• [Exercise directions]
From the entries below, reproduce exactly the line containing "using assms(1) by linarith", the line containing "assms \<open>0 \<le> \<delta>\<close> by simp", and every line in between, with nothing added.

• [Input data]
(* Let $0<p<1$ and let $Y_1,Y_2,\ldots$ be i.i.d. with $\Pr(Y_i=k)=(1-p)^kp$ for $k\ge0$. Let $L_n$ be the length of the longest gap in $\{Y_{(1)},Y_{(1)}+1,\ldots,Y_{(n)}\}$, where a gap is a maximal run of consecutive integers in this range not equal to any of $Y_1,\ldots,Y_n$ (and $L_n=0$ if there is none). Then \begin{align*} \mathbb{E}L_n&\in\left[\frac{(1-p)^2}{p}-\frac{(1-p)^{2n}}{1-(1-p)^n},\ \frac{1.5}{p}+1\right],\\ \mathbb{E}L_n^2&\in\left[\frac{2(1-p)^2}{p^2}-\frac{2(1-p)^{2n}}{(1-(1-p)^n)^2},\ \frac{3.3}{p^2}+\frac{3}{2p}+2\right],\\ \mathrm{Var}(L_n)&\in\left[0,\ \frac{3.3}{p^2}+\frac{3}{2p}+2-\left(\frac{(1-p)^2}{p}-\frac{(1-p)^{2n}}{1-(1-p)^n}\right)^2\right], \end{align*} so that, with $\tilde\in$ denoting asymptotic upper and lower bounds: as $n\to\infty$: $\mathbb{E}L_n\,\tilde\in\,\left[\frac{(1-p)^2}{p},\frac{1.5}{p}+1\right]$, $\mathbb{E}L_n^2\,\tilde\in\,\left[\frac{2(1-p)^2}{p^2},\frac{3.3}{p^2}+\frac{3}{2p}+2\right]$, $\mathrm{Var}(L_n)\,\tilde\in\,\left[0,\frac{2.3}{p^2}+\frac{5.5}{p}\right]$; as $p\to0^+$: $\mathbb{E}L_n\,\tilde\in\,\left[\frac{n-1}{np},\frac{1.5}{p}\right]$, $\mathbb{E}L_n^2\,\tilde\in\,\left[\frac{2n^2(1-p)^2-2}{n^2p^2},\frac{3.3}{p^2}\right]$, $\mathrm{Var}(L_n)\,\tilde\in\,\left[0,\frac{2.3n^2+2n-1}{n^2p^2}\right]$; as $p\to1^-$: $\mathbb{E}L_n\,\tilde\in\,[0,2.5]$, $\mathbb{E}L_n^2\,\tilde\in\,[0,6.8]$, $\mathrm{Var}(L_n)\,\tilde\in\,[0,6.8]$.
   Context: $Y_{(1)}$ and $Y_{(n)}$ denote the minimum and maximum of $Y_1,\ldots,Y_n$. *)

theory Defs
  imports "HOL-Probability.Probability"
begin

text \<open>Gaps of a finite nonempty set S of naturals within the range {Min S .. Max S}:
  a gap is a maximal run {a..b} of consecutive integers in the range none of which
  lies in S (maximality: a-1 and b+1 lie in S).\<close>

definition gap_lengths :: "nat set \<Rightarrow> nat set" where
  "gap_lengths S = {b - a + 1 | a b. Min S \<le> a \<and> a \<le> b \<and> b \<le> Max S \<and>
      {a..b} \<inter> S = {} \<and> a - 1 \<in> S \<and> b + 1 \<in> S}"

definition longest_gap :: "nat set \<Rightarrow> nat" where
  "longest_gap S = Max ({0} \<union> gap_lengths S)"

definition L :: "nat \<Rightarrow> (nat \<Rightarrow> nat) \<Rightarrow> nat" where
  "L n y = longest_gap (y ` {1..n})"

end

theory Submission
  imports Defs
begin

(* Write q = 1 - p and T k = P(L_n > k), so that E L_n = (SUM k. T k) and
   E L_n^2 = (SUM k. (2k + 1) T k).

   Upper bounds: if L_n > k, some gap of length at least k + 1 starts at a point a with
   Y_i = a - 1 for some i, no sample in [a, a + k] and some sample above it. By
   inclusion-exclusion each such window has probability a signed sum of four n-th powers,
   and summing over a telescopes to at most q^(k+1) / (1 - q^(k+1)). Together with T k <= 1
   this bounds both sums: by geometric series when p >= 1/4, and for p < 1/4 by comparison
   with the integral of q^t / (1 - q^t) beyond the index where q^k crosses 1/2.

   Lower bounds (n >= 2): the disjoint events "Y_i = j + k + 2 and all other samples <= j"
   each force a gap of length k + 1; a trapezoid estimate shows their total probability is
   at least 2 q^(k+2) / (1 + q), and geometric series give E L_n >= q^2/p and
   E L_n^2 >= 2 q^2/p^2. The variance bounds follow from Var = E L_n^2 - (E L_n)^2. *)

lemma power_diff_le_mult_power:
  fixes u v :: real
  assumes "0 \<le> v" "v \<le> u"
  shows "u ^ n - v ^ n \<le> real n * (u - v) * u ^ (n - 1)"
proof (induction n)
  case (Suc n)
  have "u ^ Suc n - v ^ Suc n = u * (u ^ n - v ^ n) + (u - v) * v ^ n"
    by (simp add: algebra_simps)
  also have "\<dots> \<le> u * (real n * (u - v) * u ^ (n - 1)) + (u - v) * u ^ n"
    using Suc assms by (intro add_mono mult_left_mono power_mono) auto
  also have "\<dots> = real (Suc n) * (u - v) * u ^ (Suc n - 1)"
    by (cases n) (auto simp: algebra_simps)
  finally show ?case .
qed simp

lemma mult_power_le_power_diff:
  fixes u v :: real
  assumes "0 \<le> v" "v \<le> u"
  shows "real n * (u - v) * v ^ (n - 1) \<le> u ^ n - v ^ n"
proof (induction n)
  case (Suc n)
  have "real (Suc n) * (u - v) * v ^ (Suc n - 1) = v * (real n * (u - v) * v ^ (n - 1)) + (u - v) * v ^ n"
    by (cases n) (auto simp: algebra_simps)
  also have "\<dots> \<le> v * (u ^ n - v ^ n) + (u - v) * v ^ n"
    using Suc assms by (intro add_mono mult_left_mono) auto
  also have "\<dots> \<le> u * (u ^ n - v ^ n) + (u - v) * v ^ n"
    using assms by (intro add_mono mult_right_mono) (auto simp: power_mono)
  also have "\<dots> = u ^ Suc n - v ^ Suc n"
    by (simp add: algebra_simps)
  finally show ?case .
qed simp

lemma power_diff_le_trapezoid:
  fixes u v :: real
  assumes "0 \<le> v" "v \<le> u"
  shows "2 * (u ^ n - v ^ n) \<le> real n * (u - v) * (u ^ (n - 1) + v ^ (n - 1))"
proof (cases n)
  case (Suc m)
  have mixed_le: "u ^ i * v ^ (m - i) + u ^ (m - i) * v ^ i \<le> u ^ m + v ^ m" if "i \<le> m" for i
  proof -
    have "0 \<le> (u ^ i - v ^ i) * (u ^ (m - i) - v ^ (m - i))"
      using assms by (intro mult_nonneg_nonneg) (auto simp: power_mono)
    moreover have "u ^ i * u ^ (m - i) = u ^ m" "v ^ i * v ^ (m - i) = v ^ m"
      using that by (auto simp: power_add[symmetric])
    ultimately show ?thesis
      by (simp add: algebra_simps)
  qed
  have reflect: "(\<Sum>i<n. u ^ (m - i) * v ^ i) = (\<Sum>i<n. u ^ i * v ^ (m - i))"
    using Suc by (intro sum.reindex_bij_witness[of _ "\<lambda>i. m - i" "\<lambda>i. m - i"]) auto
  have "2 * (\<Sum>i<n. u ^ i * v ^ (m - i)) = (\<Sum>i<n. u ^ i * v ^ (m - i) + u ^ (m - i) * v ^ i)"
    by (simp add: sum.distrib reflect)
  also have "\<dots> \<le> (\<Sum>i<n. u ^ m + v ^ m)"
    using Suc by (intro sum_mono mixed_le) auto
  finally have "2 * (\<Sum>i<n. u ^ i * v ^ (m - i)) \<le> real n * (u ^ m + v ^ m)"
    by simp
  then have "(u - v) * (2 * (\<Sum>i<n. u ^ i * v ^ (m - i))) \<le> (u - v) * (real n * (u ^ m + v ^ m))"
    using assms by (intro mult_left_mono) auto
  moreover have "u ^ n - v ^ n = (u - v) * (\<Sum>i<n. u ^ i * v ^ (m - i))"
    using power_diff_sumr2[of u n v] Suc by (simp add: mult.commute)
  ultimately show ?thesis
    using Suc by (simp add: algebra_simps)
qed simp

lemma power_diff_le_scaled_power_diff:
  fixes u u' \<delta> c :: real
  assumes "0 \<le> u - \<delta>" "0 \<le> c" "u \<le> u'" "\<delta> = c * (u' - u)"
  shows "u ^ n - (u - \<delta>) ^ n \<le> c * (u' ^ n - u ^ n)"
proof -
  have "0 \<le> \<delta>"
    using assms by simp
  then have "0 \<le> u"
    using assms(1) by linarith
  have "u ^ n - (u - \<delta>) ^ n \<le> real n * \<delta> * u ^ (n - 1)"
    using power_diff_le_mult_power[of "u - \<delta>" u n] assms \<open>0 \<le> \<delta>\<close> by simp
  also have "\<dots> = c * (real n * (u' - u) * u ^ (n - 1))"
    using assms by simp
  also have "\<dots> \<le> c * (u' ^ n - u ^ n)"
    using assms \<open>0 \<le> u\<close> by (intro mult_left_mono mult_power_le_power_diff) auto
  finally show ?thesis .
qed

lemma sum_odd_eq_square: "(\<Sum>i<m. 2 * real i + 1) = real m ^ 2"
  by (induction m) (auto simp: power2_eq_square algebra_simps)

• [Output below]
    using assms(1) by linarith
  have "u ^ n - (u - \<delta>) ^ n \<le> real n * \<delta> * u ^ (n - 1)"
    using power_diff_le_mult_power[of "u - \<delta>" u n] assms \<open>0 \<le> \<delta>\<close> by simp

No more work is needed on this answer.